Malang (beritajatim.com) – Damia Safira Ghassani mencatatkan prestasi yang membanggakan. Dia menjadi peserta termuda lolos Seleksi Nasional Berdasarkan Prestasi (SNBP) di Universitas Brawijaya (UB) Malang.
Damia lolos SNBP di UB pada usia 16 tahun.
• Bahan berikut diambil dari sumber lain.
lemma wgrad_loglik_Inl:
  assumes "ps s0 > 0" and "ps differentiable (at s0)"
  shows "wgrad (\<lambda>t. loglik ps pz t (mixA 0 g0 s0 z0)) (theta 0 g0) $ Inl k = cnj (psi ps s0) * z0 $ k"
proof -
  let ?D = "frechet_derivative ps (at s0)"
  have loglik_eq: "loglik ps pz (theta (axis k c) g0) (mixA 0 g0 s0 z0)
      = ln (ps (s0 - cnj c * z0 $ k)) + ln (pz z0)" for c
    by (simp add: loglik_def mixA_def algebra_simps)
  have "((\<lambda>c. s0 - cnj c * z0 $ k) has_derivative (\<lambda>h. - (cnj h * z0 $ k))) (at 0)"
    by (auto intro!: derivative_eq_intros)
  moreover have "(ps has_derivative ?D) (at (s0 - cnj 0 * z0 $ k))"
    using assms(2) by (simp add: frechet_derivative_works)
  ultimately have "((\<lambda>c. ps (s0 - cnj c * z0 $ k)) has_derivative (\<lambda>h. ?D (- (cnj h * z0 $ k)))) (at 0)"
    by (rule has_derivative_compose)
  then have "((\<lambda>c. complex_of_real (ln (ps (s0 - cnj c * z0 $ k)) + ln (pz z0))) has_derivative
      (\<lambda>h. of_real (?D (- (cnj h * z0 $ k)) * inverse (ps s0)))) (at 0)"
    using assms(1) by (auto intro!: derivative_eq_intros)
  moreover have "?D (- (cnj h * z0 $ k)) * inverse (ps s0) = 2 * Re (cnj h * (cnj (psi ps s0) * z0 $ k))" for h
    using density_derivative_eq_psi[OF assms, of "- (cnj h * z0 $ k)"] assms(1)
    by (simp add: field_simps)
  ultimately have "wirt_conj (\<lambda>c. complex_of_real (ln (ps (s0 - cnj c * z0 $ k)) + ln (pz z0))) 0
      = cnj (psi ps s0) * z0 $ k"
    by (intro wirt_conj_eqI) simp
  then show ?thesis
    by (simp add: wgrad_def theta_update_Inl loglik_eq)
qed

lemma wgrad_loglik_Inr:
  fixes C :: "complex^'n^'n"
  assumes "Re (det C) > 0" and "hermitian (matrix_inv C)"
  shows "wgrad (\<lambda>t. loglik ps (cgauss_pdf C) t (mixA 0 g0 s0 z0)) (theta 0 g0) $ Inr k
      = - cnj s0 * (matrix_inv C *v z0) $ k"
proof -
  define Q where "Q = matrix_inv C"
  define y where "y c = z0 + axis k (s0 * (c - g0 $ k))" for c
  define L where "L c = ln (ps s0) - Re (hdot (y c) (Q *v y c)) - ln (pi ^ CARD('n) * Re (det C))" for c
  have loglik_eq: "loglik ps (cgauss_pdf C) (theta 0 (g0 + axis k (c - g0 $ k))) (mixA 0 g0 s0 z0) = L c"
    for c
  proof -
    have "s0 *s (g0 + axis k (c - g0 $ k)) - (s0 *s g0 - z0) = y c"
      by (simp add: y_def axis_def vec_eq_iff algebra_simps)
    then show ?thesis
      by (simp add: loglik_def mixA_def ln_cgauss_pdf[OF assms(1)] Q_def L_def)
  qed
  have "((\<lambda>c. s0 * (c - g0 $ k)) has_derivative (\<lambda>h. s0 * h)) (at (g0 $ k))"
    by (auto intro!: derivative_eq_intros)
  then have "((\<lambda>c. axis k (s0 * (c - g0 $ k))) has_derivative (\<lambda>h. axis k (s0 * h))) (at (g0 $ k))"
    by (rule bounded_linear.has_derivative[OF bounded_linear_axis])
  then have "(y has_derivative (\<lambda>h. axis k (s0 * h))) (at (g0 $ k))"
    unfolding y_def using has_derivative_add[OF has_derivative_const] by fastforce
  moreover have "y (g0 $ k) = z0"
    by (simp add: y_def)
  ultimately have "((\<lambda>c. Re (hdot (y c) (Q *v y c))) has_derivative
      (\<lambda>h. 2 * Re (hdot (axis k (s0 * h)) (Q *v z0)))) (at (g0 $ k))"
    using has_derivative_compose[OF _ has_derivative_hermitian_form[OF assms(2)[folded Q_def]]]
    by fastforce
  then have "((\<lambda>c. complex_of_real (L c)) has_derivative
      (\<lambda>h. complex_of_real (0 - 2 * Re (hdot (axis k (s0 * h)) (Q *v z0)) - 0))) (at (g0 $ k))"
    unfolding L_def by (intro has_derivative_of_real has_derivative_diff has_derivative_const)
  then have "((\<lambda>c. complex_of_real (L c)) has_derivative
      (\<lambda>h. complex_of_real (2 * Re (cnj h * (- cnj s0 * (Q *v z0) $ k))))) (at (g0 $ k))"
    by (rule has_derivative_eq_rhs) (simp add: fun_eq_iff algebra_simps)
  then show ?thesis
    unfolding wgrad_def vec_lambda_beta theta_update_Inr loglik_eq theta_nth Q_def[symmetric]
    by (rule wirt_conj_eqI)
qed

definition src_score :: "(complex \<Rightarrow> real) \<Rightarrow> 'n + 'n \<Rightarrow> complex \<Rightarrow> complex" where
  "src_score ps i u = (case i of Inl _ \<Rightarrow> cnj (psi ps u) | Inr _ \<Rightarrow> - cnj u)"

definition noise_dir :: "complex^'n^'n \<Rightarrow> 'n + 'n \<Rightarrow> complex^'n" where
  "noise_dir Q i = (case i of Inl k \<Rightarrow> column k (mat 1) | Inr k \<Rightarrow> column k Q)"

lemma wgrad_loglik_at_true:
  fixes C :: "complex^'n^'n"
  assumes "ps s0 > 0" and "ps differentiable (at s0)"
    and "Re (det C) > 0" and "hermitian (matrix_inv C)"
  shows "wgrad (\<lambda>t. loglik ps (cgauss_pdf C) t (mixA 0 g0 s0 z0)) (theta 0 g0) $ i
      = src_score ps i s0 * hdot (noise_dir (matrix_inv C) i) z0"
  by (cases i) (simp_all add: wgrad_loglik_Inl wgrad_loglik_Inr assms src_score_def noise_dir_def
      hdot_column_hermitian hermitian_mat_1)

lemma noise_dir_gram:
  assumes "C ** Q = mat 1" and "Q ** C = mat 1" and "hermitian Q"
  shows "hdot (noise_dir Q i) (C *v noise_dir Q j) = block_matrix C (mat 1) (mat 1) Q $ i $ j"
  by (cases i; cases j) (simp_all add: noise_dir_def hdot_column_mult_column hermitian_mat_1 assms)

section \<open>Probabilistic tools\<close>

lemma borel_measurable_cnj [measurable]: "(cnj :: complex \<Rightarrow> complex) \<in> borel_measurable borel"
  by (intro borel_measurable_continuous_onI continuous_intros)

lemma borel_measurable_vec_nth [measurable]:
  "(\<lambda>x::'a::real_normed_vector^'n. x $ i) \<in> borel_measurable borel"
  by (intro borel_measurable_continuous_onI continuous_intros)

lemma borel_measurable_vector_scalar_mult [measurable]:
  "(\<lambda>y::complex^'n. c *s y) \<in> borel_measurable borel"
proof -
  have "(\<lambda>y::complex^'n. c *s y) = (\<lambda>y. \<chi> j. c * y $ j)"
    by (simp add: fun_eq_iff vec_eq_iff)
  then show ?thesis
    by (simp add: borel_measurable_continuous_onI continuous_intros)
qed

lemma borel_measurable_hdot [measurable]: "hdot w \<in> borel_measurable borel"
  unfolding hdot_def by (intro borel_measurable_continuous_onI continuous_intros)

lemma distributed_integral_complex:
  fixes X :: "'a \<Rightarrow> 'b::euclidean_space" and h :: "'b \<Rightarrow> complex"
  assumes "distributed M lborel X (\<lambda>x. ennreal (f x))" and "\<And>x. 0 \<le> f x"
    and "h \<in> borel_measurable borel"
  shows "(\<integral>\<omega>. h (X \<omega>) \<partial>M) = (\<integral>x. f x *\<^sub>R h x \<partial>lborel)"
    and "integrable M (\<lambda>\<omega>. h (X \<omega>)) \<longleftrightarrow> integrable lborel (\<lambda>x. f x *\<^sub>R h x)"
proof -
  have X: "X \<in> measurable M lborel" and f: "f \<in> borel_measurable lborel"
    using distributed_measurable[OF assms(1)] distributed_real_measurable[OF _ assms(1)] assms(2)
    by simp_all
  have h: "h \<in> borel_measurable lborel"
    using assms(3) by simp
  note distr_eq = distributed_distr_eq_density[OF assms(1), symmetric]
  show "(\<integral>\<omega>. h (X \<omega>) \<partial>M) = (\<integral>x. f x *\<^sub>R h x \<partial>lborel)"
    using integral_distr[OF X h] integral_density[OF h f] assms(2) by (simp add: distr_eq)
  show "integrable M (\<lambda>\<omega>. h (X \<omega>)) \<longleftrightarrow> integrable lborel (\<lambda>x. f x *\<^sub>R h x)"
    using integrable_distr_eq[OF X h] integrable_density[OF h f] assms(2) by (simp add: distr_eq)
qed

lemma integrable_mult_square_integrable:
  fixes x y :: "'a \<Rightarrow> complex"
  assumes "integrable M (\<lambda>\<omega>. (cmod (x \<omega>))\<^sup>2)" and "integrable M (\<lambda>\<omega>. (cmod (y \<omega>))\<^sup>2)"
    and "x \<in> borel_measurable M" and "y \<in> borel_measurable M"
  shows "integrable M (\<lambda>\<omega>. x \<omega> * y \<omega>)"
proof (rule Bochner_Integration.integrable_bound)
  show "integrable M (\<lambda>\<omega>. (cmod (x \<omega>))\<^sup>2 + (cmod (y \<omega>))\<^sup>2)"
    using assms(1,2) by simp
  have "cmod (x \<omega>) * cmod (y \<omega>) \<le> (cmod (x \<omega>))\<^sup>2 + (cmod (y \<omega>))\<^sup>2" for \<omega>
    using sum_squares_bound[of "cmod (x \<omega>)" "cmod (y \<omega>)"]
      mult_nonneg_nonneg[OF norm_ge_zero norm_ge_zero, of "x \<omega>" "y \<omega>"]
    by linarith
  then show "AE \<omega> in M. norm (x \<omega> * y \<omega>) \<le> norm ((cmod (x \<omega>))\<^sup>2 + (cmod (y \<omega>))\<^sup>2)"
    by (simp add: norm_mult)
qed (use assms(3,4) in simp)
Ia pun dinobatkan sebagai peserta termuda di jalur SNBP tahun akademik 2023/2024. Damia diketahui menjadikan Jurusan Teknik Industri sebagai pilihan pertama.
“Kualitas UB dan Teknik Industri UB sudah terakreditasi unggul serta terbukti berkualitas, pun lokasi kampus yang strategis di kota Malang,” kata Damia, Kamis (13/4/2023).
Damia mengungkapkan cara dia dapat masuk bangku kuliah ketika usianya masih begitu muda. Saat di bangku SMP dan SMA, dirinya ikut program akselerasi.
Baca Juga:
Siswa Asal Jatim Terbanyak Diterima di Jalur SNBP 2023
“Jadi bisa lulus SMP dan SMA masing-masing ditempuh selama 2 tahun, dan selama 2 tahun itu saya fokus nilai-nilai untuk bisa masuk di PTN impian,” ujar perempuan asal Sidoarjo itu.
Damia memandang kelulusannya di SNBP UB dapat memberinya dampak positif untuk adik kelasnya. Hal itu membuka kesempatan dan tidak perlu lagi khawatir pada pendidikan selanjutnya setelah lulus dari SMA.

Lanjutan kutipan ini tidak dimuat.